(RECORDS SHOWN begins)
(* Let $m\ge 2$, and let $C_1,\dots,C_m>0$, $\mu^c_1,\dots,\mu^c_m\ge 0$, $\theta^c_1,\dots,\theta^c_m\ge 0$ and $\lambda^c\ge 0$ be real numbers. Consider the system of ordinary differential equations $$\begin{aligned} x_1'(t)&=\mu^c_1\frac{C_1-x_1}{C_1}-\theta^c_1x_1-\mu^c_2\frac{x_1}{C_1}\frac{C_2-x_2}{C_2},\\ x_i'(t)&=\mu^c_i\frac{x_{i-1}}{C_{i-1}}\frac{C_i-x_i}{C_i}-\theta^c_ix_i-\mu^c_{i+1}\frac{x_i}{C_i}\frac{C_{i+1}-x_{i+1}}{C_{i+1}},\qquad 2\le i\le m-1,\\ x_m'(t)&=\mu^c_m\frac{x_{m-1}}{C_{m-1}}\frac{C_m-x_m}{C_m}-\theta^c_mx_m-\lambda^c, \end{aligned}$$ where $x_i=x_i(t)$. Let $(x_1^*,\dots,x_m^* )$ be an equilibrium point of this system (a point where all right-hand sides vanish) with $0\le x_i^*\le C_i$ for $i=1,\dots,m$. If $$\frac{\mu^c_2}{C_1}<\frac{\mu^c_1}{C_1}+\theta^c_1,\qquad \frac{\mu^c_i}{C_{i-1}}+\frac{\mu^c_{i+1}}{C_{i+1}}<\theta^c_i\ \ (2\le i\le m-1),\qquad \frac{\mu^c_m}{C_{m-1}}<\theta^c_m,$$ then $(x_1^*,\dots,x_m^* )$ is a stable equilibrium point (all eigenvalues of the Jacobian of the system at this point have negative real part).
   Context: The system models an $m$-echelon inventory system in which the warehouses of each echelon are aggregated into one warehouse: $x_i(t)$ is the inventory level of echelon $i$, $C_i$ its maximum inventory level, $\mu^c_i$ its maximum supply rate, $\theta^c_i$ its average deterioration percentage per unit time, and $\lambda^c$ is the demand rate at the lowest echelon $m$. When $m=2$ there are no middle equations and no middle conditions. *)

theory Defs
  imports "HOL-Analysis.Analysis" "Jordan_Normal_Form.Char_Poly"
begin

text \<open>States are functions
  x :: nat => real, used at indices 1..m; the i-th component of the vector field
  (1 <= i <= m) is inv_rhs m C mu th lam x i.\<close>

definition inv_rhs ::
  "nat \<Rightarrow> (nat \<Rightarrow> real) \<Rightarrow> (nat \<Rightarrow> real) \<Rightarrow> (nat \<Rightarrow> real) \<Rightarrow> real \<Rightarrow> (nat \<Rightarrow> real) \<Rightarrow> nat \<Rightarrow> real"
where
  "inv_rhs m C mu th lam x i =
     (if i = 1 then
        mu 1 * ((C 1 - x 1) / C 1) - th 1 * x 1 - mu 2 * (x 1 / C 1) * ((C 2 - x 2) / C 2)
      else if i = m then
        mu m * (x (m - 1) / C (m - 1)) * ((C m - x m) / C m) - th m * x m - lam
      else
        mu i * (x (i - 1) / C (i - 1)) * ((C i - x i) / C i) - th i * x i
          - mu (i + 1) * (x i / C i) * ((C (i + 1) - x (i + 1)) / C (i + 1)))"

text \<open>Jacobian at the point x: the m x m matrix whose (i,j) entry (0-based) is the
  partial derivative of component i+1 with respect to the variable x_(j+1).\<close>

definition inv_jacobian ::
  "nat \<Rightarrow> (nat \<Rightarrow> real) \<Rightarrow> (nat \<Rightarrow> real) \<Rightarrow> (nat \<Rightarrow> real) \<Rightarrow> real \<Rightarrow> (nat \<Rightarrow> real) \<Rightarrow> real mat"
where
  "inv_jacobian m C mu th lam x =
     mat m m (\<lambda>(i, j). deriv (\<lambda>s. inv_rhs m C mu th lam (x((j + 1) := s)) (i + 1)) (x (j + 1)))"

definition stable_point ::
  "nat \<Rightarrow> (nat \<Rightarrow> real) \<Rightarrow> (nat \<Rightarrow> real) \<Rightarrow> (nat \<Rightarrow> real) \<Rightarrow> real \<Rightarrow> (nat \<Rightarrow> real) \<Rightarrow> bool"
where
  "stable_point m C mu th lam x =
     (\<forall>k. eigenvalue (map_mat complex_of_real (inv_jacobian m C mu th lam x)) k \<longrightarrow> Re k < 0)"

end

theory Submission
  imports Defs
begin

text \<open>At every point of the box \<open>0 \<le> x\<^sub>i \<le> C\<^sub>i\<close> the Jacobian is a Metzler matrix: its
  off-diagonal entries are nonnegative. Since the flows between adjacent echelons cancel in the
  total inventory, its \<open>q\<close>-th column sums to \<open>-\<theta>\<^sub>q\<close> (minus \<open>\<mu>\<^sub>1/C\<^sub>1\<close> for \<open>q = 1\<close>), which
  the hypotheses make negative. Hence every column Gershgorin disc lies in the open left
  half-plane.\<close>

lemma eigenvalue_in_Gershgorin_disc:
  fixes A :: "'a :: real_normed_field mat"
  assumes A: "A \<in> carrier_mat n n" and ev: "eigenvalue A k"
  shows "\<exists>i<n. norm (k - A $$ (i, i)) \<le> (\<Sum>j\<in>{0..<n} - {i}. norm (A $$ (i, j)))"
proof -
  obtain v where v: "v \<in> carrier_vec n" "v \<noteq> 0\<^sub>v n" "A *\<^sub>v v = k \<cdot>\<^sub>v v"
    using ev A unfolding eigenvalue_def eigenvector_def by auto
  have "n > 0"
    using v(1,2) by (intro Nat.gr0I) auto
  then obtain i where i: "i < n" and largest: "\<And>j. j < n \<Longrightarrow> norm (v $ j) \<le> norm (v $ i)"
  proof -
    let ?norms = "(\<lambda>j. norm (v $ j)) ` {..<n}"
    have "Max ?norms \<in> ?norms"
      using \<open>n > 0\<close> by (intro Max_in) auto
    then obtain i where "i < n" "norm (v $ i) = Max ?norms"
      by auto
    then show thesis
      by (intro that) auto
  qed
  have "norm (v $ i) > 0"
  proof (rule ccontr)
    assume "\<not> norm (v $ i) > 0"
    then have "v = 0\<^sub>v n"
      using v(1) largest by (intro eq_vecI) (auto intro: antisym)
    with v(2) show False by simp
  qed
  have "(k - A $$ (i, i)) * v $ i = (\<Sum>j\<in>{0..<n} - {i}. A $$ (i, j) * v $ j)"
  proof -
    have "k * v $ i = (\<Sum>j\<in>{0..<n}. A $$ (i, j) * v $ j)"
      using arg_cong[OF v(3), of "\<lambda>w. w $ i"] A v(1) i by (simp add: scalar_prod_def)
    also have "\<dots> = A $$ (i, i) * v $ i + (\<Sum>j\<in>{0..<n} - {i}. A $$ (i, j) * v $ j)"
      using i by (subst sum.remove[of _ i]) auto
    finally show ?thesis by (simp add: algebra_simps)
  qed
  then have "norm (k - A $$ (i, i)) * norm (v $ i) = norm (\<Sum>j\<in>{0..<n} - {i}. A $$ (i, j) * v $ j)"
    by (metis norm_mult)
  also have "\<dots> \<le> (\<Sum>j\<in>{0..<n} - {i}. norm (A $$ (i, j)) * norm (v $ j))"
    by (rule order_trans[OF norm_sum]) (simp add: norm_mult)
  also have "\<dots> \<le> (\<Sum>j\<in>{0..<n} - {i}. norm (A $$ (i, j))) * norm (v $ i)"
    unfolding sum_distrib_right by (rule sum_mono) (auto intro: mult_left_mono largest)
  finally show ?thesis
    using i \<open>norm (v $ i) > 0\<close> by auto
qed

lemma eigenvalue_in_column_Gershgorin_disc:
  fixes A :: "'a :: real_normed_field mat"
  assumes A: "A \<in> carrier_mat n n" and ev: "eigenvalue A k"
  shows "\<exists>j<n. norm (k - A $$ (j, j)) \<le> (\<Sum>i\<in>{0..<n} - {j}. norm (A $$ (i, j)))"
proof -
  have At: "transpose_mat A \<in> carrier_mat n n"
    using A by simp
  have "eigenvalue (transpose_mat A) k"
    using ev
    by (simp add: eigenvalue_root_char_poly[OF A] eigenvalue_root_char_poly[OF At]
        char_poly_transpose_mat[OF A])
  from eigenvalue_in_Gershgorin_disc[OF At this] show ?thesis
    using A by auto
qed

lemma Re_eigenvalue_neg_if_Metzler_column_sums_neg:
  fixes A :: "real mat"
  assumes A: "A \<in> carrier_mat n n"
    and off_diag_nonneg: "\<And>i j. i < n \<Longrightarrow> j < n \<Longrightarrow> i \<noteq> j \<Longrightarrow> 0 \<le> A $$ (i, j)"
    and column_sum_neg: "\<And>j. j < n \<Longrightarrow> (\<Sum>i<n. A $$ (i, j)) < 0"
    and ev: "eigenvalue (map_mat complex_of_real A) k"
  shows "Re k < 0"
proof -
  have "map_mat complex_of_real A \<in> carrier_mat n n"
    using A by simp
  from eigenvalue_in_column_Gershgorin_disc[OF this ev] obtain j where j: "j < n"
    and disc: "cmod (k - of_real (A $$ (j, j))) \<le> (\<Sum>i\<in>{0..<n} - {j}. cmod (of_real (A $$ (i, j))))"
    using A by auto
  have "(\<Sum>i\<in>{0..<n} - {j}. cmod (of_real (A $$ (i, j)))) = (\<Sum>i\<in>{0..<n} - {j}. A $$ (i, j))"
    using off_diag_nonneg j by (intro sum.cong) auto
  also have "\<dots> = (\<Sum>i<n. A $$ (i, j)) - A $$ (j, j)"
    using j by (simp add: sum_diff1 atLeast0LessThan)
  finally have "Re k - A $$ (j, j) \<le> (\<Sum>i<n. A $$ (i, j)) - A $$ (j, j)"
    using disc complex_Re_le_cmod[of "k - of_real (A $$ (j, j))"] by simp
  with column_sum_neg[OF j] show ?thesis
    by simp
qed

definition inv_jacobian_entry ::
  "nat \<Rightarrow> (nat \<Rightarrow> real) \<Rightarrow> (nat \<Rightarrow> real) \<Rightarrow> (nat \<Rightarrow> real) \<Rightarrow> (nat \<Rightarrow> real) \<Rightarrow> nat \<Rightarrow> nat \<Rightarrow> real"
where
  "inv_jacobian_entry m C mu th x p q =
     (if q = p then
        - (if p = 1 then mu 1 / C 1 else mu p * x (p - 1) / (C (p - 1) * C p)) - th p
        - (if p = m then 0 else mu (p + 1) / C p * ((C (p + 1) - x (p + 1)) / C (p + 1)))
      else if q = p + 1 then mu (p + 1) * x p / (C p * C (p + 1))
      else if q + 1 = p then mu p / C (p - 1) * ((C p - x p) / C p)
      else 0)"

lemma inv_rhs_affine:
  assumes "2 \<le> m" "p \<in> {1..m}" "q \<in> {1..m}"
  shows "inv_rhs m C mu th lam (x(q := s)) p
           = inv_jacobian_entry m C mu th x p q * s + inv_rhs m C mu th lam (x(q := 0)) p"
  using assms
  by (cases "p = 1"; cases "p = m"; cases "q = p"; cases "q = p + 1"; cases "q + 1 = p")
     (auto simp: inv_rhs_def inv_jacobian_entry_def algebra_simps divide_inverse numeral_2_eq_2
           split: if_splits)

lemma inv_jacobian_nth:
  assumes "2 \<le> m" "i < m" "j < m"
  shows "inv_jacobian m C mu th lam x $$ (i, j) = inv_jacobian_entry m C mu th x (i + 1) (j + 1)"
proof -
  let ?a = "inv_jacobian_entry m C mu th x (i + 1) (j + 1)"
  let ?b = "inv_rhs m C mu th lam (x(j + 1 := 0)) (i + 1)"
  have "(\<lambda>s. inv_rhs m C mu th lam (x(j + 1 := s)) (i + 1)) = (\<lambda>s. ?a * s + ?b)"
    using assms by (intro ext inv_rhs_affine) auto
  moreover have "deriv (\<lambda>s. ?a * s + ?b) (x (j + 1)) = ?a"
    by (rule DERIV_imp_deriv) (auto intro!: derivative_eq_intros)
  ultimately show ?thesis
    using assms by (simp add: inv_jacobian_def)
qed

lemma inv_jacobian_entry_nonneg:
  assumes pq: "p \<in> {1..m}" "q \<in> {1..m}" "p \<noteq> q"
    and "\<forall>i\<in>{1..m}. C i > 0" "\<forall>i\<in>{1..m}. mu i \<ge> 0" "\<forall>i\<in>{1..m}. 0 \<le> x i \<and> x i \<le> C i"
  shows "0 \<le> inv_jacobian_entry m C mu th x p q"
proof -
  have "C p > 0" "C q > 0" "mu p \<ge> 0" "mu q \<ge> 0" "0 \<le> x p" "x p \<le> C p"
    using assms by auto
  then have "0 \<le> mu q * x p / (C p * C q)" "0 \<le> mu p / C q * ((C p - x p) / C p)"
    by simp_all
  then show ?thesis
    using pq by (auto simp: inv_jacobian_entry_def)
qed

lemma inv_jacobian_column_sum:
  assumes "2 \<le> m" "q \<in> {1..m}"
  shows "(\<Sum>p=1..m. inv_jacobian_entry m C mu th x p q) = - th q - (if q = 1 then mu 1 / C 1 else 0)"
proof -
  have "(\<Sum>p=1..m. inv_jacobian_entry m C mu th x p q)
          = (\<Sum>p\<in>{1..m} \<inter> {q - 1, q, q + 1}. inv_jacobian_entry m C mu th x p q)"
    by (rule sum.mono_neutral_right) (auto simp: inv_jacobian_entry_def)
  also have "\<dots> = - th q - (if q = 1 then mu 1 / C 1 else 0)"
  proof -
    consider "q = 1" | "q = m" | "1 < q" "q < m"
      using assms by force
    then show ?thesis
    proof cases
      case 1
      then have "{1..m} \<inter> {q - 1, q, q + 1} = {1, 2}"
        using assms by auto
      with 1 assms show ?thesis by (simp add: inv_jacobian_entry_def numeral_2_eq_2)
    next
      case 2
      then have "{1..m} \<inter> {q - 1, q, q + 1} = {m - 1, m}"
        using assms by auto
      moreover have "m \<noteq> 1" "m - 1 \<noteq> m"
        using assms by simp_all
      ultimately show ?thesis
        using 2 by (simp add: inv_jacobian_entry_def)
    next
      case 3
      then have "{1..m} \<inter> {q - 1, q, q + 1} = {q - 1, q, q + 1}"
        by auto
      moreover have "q - 1 \<notin> {q, q + 1}" "q \<noteq> q + 1" "q - 1 + 1 = q" "q \<noteq> 1"
        using 3 by auto
      ultimately show ?thesis
        using 3 by (simp add: inv_jacobian_entry_def)
    qed
  qed
  finally show ?thesis .
qed

lemma inv_jacobian_column_sum_neg:
  assumes m: "2 \<le> m" and q: "q \<in> {1..m}"
    and C_pos: "\<forall>i\<in>{1..m}. C i > 0" and mu_nonneg: "\<forall>i\<in>{1..m}. mu i \<ge> 0"
    and first: "mu 2 / C 1 < mu 1 / C 1 + th 1"
    and middle: "\<forall>i\<in>{2..m - 1}. mu i / C (i - 1) + mu (i + 1) / C (i + 1) < th i"
    and last: "mu m / C (m - 1) < th m"
  shows "(\<Sum>p=1..m. inv_jacobian_entry m C mu th x p q) < 0"
proof -
  have "th q + (if q = 1 then mu 1 / C 1 else 0) > 0"
  proof -
    consider "q = 1" | "q = m" | "q \<in> {2..m - 1}"
      using q by force
    then show ?thesis
    proof cases
      case 1
      have "C 1 > 0" "mu 2 \<ge> 0"
        using C_pos mu_nonneg m by auto
      then have "mu 2 / C 1 \<ge> 0"
        by simp
      with 1 first show ?thesis
        by simp
    next
      case 2
      have "C (m - 1) > 0" "mu m \<ge> 0"
        using C_pos mu_nonneg m by auto
      then have "mu m / C (m - 1) \<ge> 0"
        by simp
      with 2 m last show ?thesis
        by simp
    next
      case 3
      then have "q - 1 \<in> {1..m}" "q \<in> {1..m}" "q + 1 \<in> {1..m}"
        by auto
      then have "C (q - 1) > 0" "C (q + 1) > 0" "mu q \<ge> 0" "mu (q + 1) \<ge> 0"
        using C_pos mu_nonneg by blast+
      then have "mu q / C (q - 1) \<ge> 0" "mu (q + 1) / C (q + 1) \<ge> 0"
        by simp_all
      moreover have "mu q / C (q - 1) + mu (q + 1) / C (q + 1) < th q"
        using middle 3 by blast
      moreover have "q \<noteq> 1"
        using 3 by simp
      ultimately show ?thesis
        by simp
    qed
  qed
  then show ?thesis
    using inv_jacobian_column_sum[OF m q] by simp
qed

theorem proposition6:
  fixes m :: nat and C mu th :: "nat \<Rightarrow> real" and lam :: real and xs :: "nat \<Rightarrow> real"
  assumes "m \<ge> 2"
    and "\<forall>i\<in>{1..m}. C i > 0"
    and "\<forall>i\<in>{1..m}. mu i \<ge> 0"
    and "\<forall>i\<in>{1..m}. th i \<ge> 0"
    and "lam \<ge> 0"
    and "\<forall>i\<in>{1..m}. inv_rhs m C mu th lam xs i = 0"
    and "\<forall>i\<in>{1..m}. 0 \<le> xs i \<and> xs i \<le> C i"
    and "mu 2 / C 1 < mu 1 / C 1 + th 1"
    and "\<forall>i\<in>{2..m - 1}. mu i / C (i - 1) + mu (i + 1) / C (i + 1) < th i"
    and "mu m / C (m - 1) < th m"
  shows "stable_point m C mu th lam xs"
proof -
  let ?J = "inv_jacobian m C mu th lam xs"
  have carrier: "?J \<in> carrier_mat m m"
    by (simp add: inv_jacobian_def)
  have off_diag_nonneg: "0 \<le> ?J $$ (i, j)" if "i < m" "j < m" "i \<noteq> j" for i j
    using that assms(1-3,7) by (simp add: inv_jacobian_nth inv_jacobian_entry_nonneg)
  have column_sum_neg: "(\<Sum>i<m. ?J $$ (i, j)) < 0" if "j < m" for j
  proof -
    have "(\<Sum>i<m. ?J $$ (i, j)) = (\<Sum>p=1..m. inv_jacobian_entry m C mu th xs p (j + 1))"
      using that assms(1) by (simp add: inv_jacobian_nth sum.atLeast1_atMost_eq)
    also have "\<dots> < 0"
      using that assms(1-3,8-10) by (intro inv_jacobian_column_sum_neg) auto
    finally show ?thesis .
  qed
  show ?thesis
    unfolding stable_point_def
    using Re_eigenvalue_neg_if_Metzler_column_sums_neg[OF carrier off_diag_nonneg column_sum_neg]
    by blast
qed

end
(RECORDS SHOWN ends)
* EXERCISE OBJECTIVE
The answer must be every line from the records above that contains the word "middle", copied out.

* RESPONSE TO THIS TASK
   Context: The system models an $m$-echelon inventory system in which the warehouses of each echelon are aggregated into one warehouse: $x_i(t)$ is the inventory level of echelon $i$, $C_i$ its maximum inventory level, $\mu^c_i$ its maximum supply rate, $\theta^c_i$ its average deterioration percentage per unit time, and $\lambda^c$ is the demand rate at the lowest echelon $m$. When $m=2$ there are no middle equations and no middle conditions. *)
    and middle: "\<forall>i\<in>{2..m - 1}. mu i / C (i - 1) + mu (i + 1) / C (i + 1) < th i"
        using middle 3 by blast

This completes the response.